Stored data
• • • • • • •

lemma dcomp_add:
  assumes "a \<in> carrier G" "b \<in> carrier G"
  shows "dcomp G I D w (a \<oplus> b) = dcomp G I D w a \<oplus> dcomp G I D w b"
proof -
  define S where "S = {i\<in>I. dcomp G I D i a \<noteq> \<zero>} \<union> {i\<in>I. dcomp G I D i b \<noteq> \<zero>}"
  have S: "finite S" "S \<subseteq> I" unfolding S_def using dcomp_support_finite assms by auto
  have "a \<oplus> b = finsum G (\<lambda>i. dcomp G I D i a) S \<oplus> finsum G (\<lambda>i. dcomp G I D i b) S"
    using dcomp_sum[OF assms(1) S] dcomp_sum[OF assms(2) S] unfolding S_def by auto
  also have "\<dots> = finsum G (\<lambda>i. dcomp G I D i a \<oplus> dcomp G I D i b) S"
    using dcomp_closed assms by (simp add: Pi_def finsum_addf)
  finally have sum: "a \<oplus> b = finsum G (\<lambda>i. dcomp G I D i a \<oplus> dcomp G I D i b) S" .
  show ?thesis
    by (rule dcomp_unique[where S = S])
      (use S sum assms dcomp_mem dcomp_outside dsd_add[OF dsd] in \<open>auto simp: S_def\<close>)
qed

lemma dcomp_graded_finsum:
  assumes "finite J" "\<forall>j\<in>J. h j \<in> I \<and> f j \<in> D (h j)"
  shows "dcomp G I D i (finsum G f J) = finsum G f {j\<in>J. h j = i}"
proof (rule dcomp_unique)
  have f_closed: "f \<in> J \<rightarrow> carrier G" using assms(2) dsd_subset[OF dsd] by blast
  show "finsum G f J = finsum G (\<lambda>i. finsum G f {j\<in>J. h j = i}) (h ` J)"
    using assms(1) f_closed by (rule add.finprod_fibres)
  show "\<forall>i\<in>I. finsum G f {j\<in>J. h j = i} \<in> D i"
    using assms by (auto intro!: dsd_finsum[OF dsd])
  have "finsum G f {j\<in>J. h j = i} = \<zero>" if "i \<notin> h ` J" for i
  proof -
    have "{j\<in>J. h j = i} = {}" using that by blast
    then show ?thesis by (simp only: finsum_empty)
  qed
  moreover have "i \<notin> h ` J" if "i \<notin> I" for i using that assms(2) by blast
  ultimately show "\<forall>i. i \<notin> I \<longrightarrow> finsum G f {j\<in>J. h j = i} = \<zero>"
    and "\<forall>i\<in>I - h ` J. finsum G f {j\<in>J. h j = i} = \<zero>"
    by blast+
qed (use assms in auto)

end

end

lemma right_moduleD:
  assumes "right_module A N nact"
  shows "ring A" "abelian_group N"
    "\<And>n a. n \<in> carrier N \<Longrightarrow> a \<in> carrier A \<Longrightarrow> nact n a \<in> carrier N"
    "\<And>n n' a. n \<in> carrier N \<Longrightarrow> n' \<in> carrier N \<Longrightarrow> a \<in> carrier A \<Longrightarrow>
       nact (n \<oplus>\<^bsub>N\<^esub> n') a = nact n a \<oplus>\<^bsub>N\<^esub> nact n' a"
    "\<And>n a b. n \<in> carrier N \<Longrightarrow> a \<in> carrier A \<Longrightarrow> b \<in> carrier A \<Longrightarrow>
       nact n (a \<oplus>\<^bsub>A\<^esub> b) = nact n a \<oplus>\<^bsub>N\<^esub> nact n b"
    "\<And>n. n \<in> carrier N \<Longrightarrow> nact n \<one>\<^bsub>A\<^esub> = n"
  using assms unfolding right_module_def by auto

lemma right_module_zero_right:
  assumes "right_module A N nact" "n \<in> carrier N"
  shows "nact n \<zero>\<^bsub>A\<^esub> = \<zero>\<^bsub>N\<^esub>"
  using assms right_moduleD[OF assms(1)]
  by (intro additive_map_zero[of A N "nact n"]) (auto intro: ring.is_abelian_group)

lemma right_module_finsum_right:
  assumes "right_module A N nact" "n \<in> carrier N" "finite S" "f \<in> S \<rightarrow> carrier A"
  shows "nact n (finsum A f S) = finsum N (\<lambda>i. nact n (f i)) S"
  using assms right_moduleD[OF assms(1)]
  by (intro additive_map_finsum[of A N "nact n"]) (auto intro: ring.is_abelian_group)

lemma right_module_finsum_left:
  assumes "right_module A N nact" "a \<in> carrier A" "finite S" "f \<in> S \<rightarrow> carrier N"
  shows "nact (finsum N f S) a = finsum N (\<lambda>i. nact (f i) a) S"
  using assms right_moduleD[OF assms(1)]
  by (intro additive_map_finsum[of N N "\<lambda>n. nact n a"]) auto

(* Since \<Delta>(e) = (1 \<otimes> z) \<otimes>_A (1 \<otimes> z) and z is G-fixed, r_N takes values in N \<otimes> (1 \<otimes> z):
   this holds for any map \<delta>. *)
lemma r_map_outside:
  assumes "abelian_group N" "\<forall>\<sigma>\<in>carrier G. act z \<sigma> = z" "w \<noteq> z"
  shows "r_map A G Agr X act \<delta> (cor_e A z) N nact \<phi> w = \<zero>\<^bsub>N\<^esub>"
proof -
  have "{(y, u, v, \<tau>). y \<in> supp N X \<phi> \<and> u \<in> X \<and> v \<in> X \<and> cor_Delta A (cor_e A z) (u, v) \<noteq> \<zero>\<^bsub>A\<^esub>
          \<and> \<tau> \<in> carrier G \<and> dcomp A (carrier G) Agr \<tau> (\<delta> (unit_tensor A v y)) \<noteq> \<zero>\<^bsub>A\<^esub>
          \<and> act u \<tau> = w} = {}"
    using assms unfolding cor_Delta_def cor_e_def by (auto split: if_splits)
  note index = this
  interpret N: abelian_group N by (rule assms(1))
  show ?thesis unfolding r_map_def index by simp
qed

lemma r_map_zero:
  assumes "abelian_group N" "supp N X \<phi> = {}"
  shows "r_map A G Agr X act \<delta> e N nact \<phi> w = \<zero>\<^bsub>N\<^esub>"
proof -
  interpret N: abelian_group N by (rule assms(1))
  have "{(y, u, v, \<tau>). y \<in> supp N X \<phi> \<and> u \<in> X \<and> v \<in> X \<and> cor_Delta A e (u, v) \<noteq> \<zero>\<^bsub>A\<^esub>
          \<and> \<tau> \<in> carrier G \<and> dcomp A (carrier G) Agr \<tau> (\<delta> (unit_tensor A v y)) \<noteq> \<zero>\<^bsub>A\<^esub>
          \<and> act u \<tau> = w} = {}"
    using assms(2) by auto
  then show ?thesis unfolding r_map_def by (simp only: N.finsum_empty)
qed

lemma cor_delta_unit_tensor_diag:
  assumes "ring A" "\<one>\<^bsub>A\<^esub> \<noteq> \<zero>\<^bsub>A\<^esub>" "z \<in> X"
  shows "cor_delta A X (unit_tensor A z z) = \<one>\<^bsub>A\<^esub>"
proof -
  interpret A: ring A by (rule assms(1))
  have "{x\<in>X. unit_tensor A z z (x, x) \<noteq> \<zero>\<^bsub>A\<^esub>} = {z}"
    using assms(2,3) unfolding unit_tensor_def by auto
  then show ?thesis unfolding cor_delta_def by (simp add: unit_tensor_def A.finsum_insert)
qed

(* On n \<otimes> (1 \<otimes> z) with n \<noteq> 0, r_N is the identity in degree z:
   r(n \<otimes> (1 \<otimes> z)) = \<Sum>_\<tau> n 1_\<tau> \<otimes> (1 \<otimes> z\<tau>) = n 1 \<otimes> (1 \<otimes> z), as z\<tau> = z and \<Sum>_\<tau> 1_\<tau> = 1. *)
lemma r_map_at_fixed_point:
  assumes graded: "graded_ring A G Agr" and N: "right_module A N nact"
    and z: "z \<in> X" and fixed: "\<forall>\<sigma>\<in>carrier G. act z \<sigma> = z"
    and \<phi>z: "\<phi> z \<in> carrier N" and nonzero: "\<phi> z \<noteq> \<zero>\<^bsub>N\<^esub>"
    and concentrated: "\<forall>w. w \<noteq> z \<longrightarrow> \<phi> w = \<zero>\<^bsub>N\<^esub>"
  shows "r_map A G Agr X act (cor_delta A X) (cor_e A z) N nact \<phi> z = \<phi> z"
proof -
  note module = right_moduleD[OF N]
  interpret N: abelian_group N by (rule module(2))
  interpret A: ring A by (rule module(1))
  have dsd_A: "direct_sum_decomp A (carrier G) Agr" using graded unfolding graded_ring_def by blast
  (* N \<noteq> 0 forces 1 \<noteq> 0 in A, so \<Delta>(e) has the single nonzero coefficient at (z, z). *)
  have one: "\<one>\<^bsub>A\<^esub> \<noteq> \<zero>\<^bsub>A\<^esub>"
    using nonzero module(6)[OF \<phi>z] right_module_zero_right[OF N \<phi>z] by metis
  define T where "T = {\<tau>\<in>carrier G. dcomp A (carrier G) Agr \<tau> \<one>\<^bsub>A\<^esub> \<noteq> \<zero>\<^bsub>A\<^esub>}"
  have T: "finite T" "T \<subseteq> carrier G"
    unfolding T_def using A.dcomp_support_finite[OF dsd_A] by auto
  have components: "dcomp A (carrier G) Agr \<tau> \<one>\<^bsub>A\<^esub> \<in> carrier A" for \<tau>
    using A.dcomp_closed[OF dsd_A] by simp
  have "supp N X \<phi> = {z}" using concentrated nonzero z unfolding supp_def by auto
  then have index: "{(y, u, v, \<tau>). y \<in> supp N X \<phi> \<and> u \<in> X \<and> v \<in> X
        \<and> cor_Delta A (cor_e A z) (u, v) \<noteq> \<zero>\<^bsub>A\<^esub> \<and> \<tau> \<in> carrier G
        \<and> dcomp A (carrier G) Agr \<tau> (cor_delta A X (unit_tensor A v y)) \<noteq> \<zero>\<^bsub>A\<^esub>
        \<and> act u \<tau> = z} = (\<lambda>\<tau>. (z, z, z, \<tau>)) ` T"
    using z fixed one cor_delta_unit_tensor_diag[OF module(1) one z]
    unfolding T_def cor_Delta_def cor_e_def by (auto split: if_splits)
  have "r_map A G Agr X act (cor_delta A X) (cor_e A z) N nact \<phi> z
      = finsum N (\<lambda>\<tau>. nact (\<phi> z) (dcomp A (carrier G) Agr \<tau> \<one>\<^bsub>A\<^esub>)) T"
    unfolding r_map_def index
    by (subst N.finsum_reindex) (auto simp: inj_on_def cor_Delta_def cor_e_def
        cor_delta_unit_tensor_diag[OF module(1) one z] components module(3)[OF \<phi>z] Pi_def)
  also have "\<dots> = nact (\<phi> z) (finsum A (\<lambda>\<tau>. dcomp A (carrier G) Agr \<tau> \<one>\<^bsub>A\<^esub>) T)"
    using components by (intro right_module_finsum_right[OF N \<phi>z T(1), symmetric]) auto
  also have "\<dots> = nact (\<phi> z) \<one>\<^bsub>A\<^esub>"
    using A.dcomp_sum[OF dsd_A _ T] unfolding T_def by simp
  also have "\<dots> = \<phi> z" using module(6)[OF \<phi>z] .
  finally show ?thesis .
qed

• • • • • • •

_Exercise goal_:
In the records above, return precisely the line containing "finsum N (\<lambda>\<tau>." and each line that comes after it, up to the final one.

_Output of the task_:
      = finsum N (\<lambda>\<tau>. nact (\<phi> z) (dcomp A (carrier G) Agr \<tau> \<one>\<^bsub>A\<^esub>)) T"
    unfolding r_map_def index
    by (subst N.finsum_reindex) (auto simp: inj_on_def cor_Delta_def cor_e_def
        cor_delta_unit_tensor_diag[OF module(1) one z] components module(3)[OF \<phi>z] Pi_def)
  also have "\<dots> = nact (\<phi> z) (finsum A (\<lambda>\<tau>. dcomp A (carrier G) Agr \<tau> \<one>\<^bsub>A\<^esub>) T)"
    using components by (intro right_module_finsum_right[OF N \<phi>z T(1), symmetric]) auto
  also have "\<dots> = nact (\<phi> z) \<one>\<^bsub>A\<^esub>"
    using A.dcomp_sum[OF dsd_A _ T] unfolding T_def by simp
  also have "\<dots> = \<phi> z" using module(6)[OF \<phi>z] .
  finally show ?thesis .
qed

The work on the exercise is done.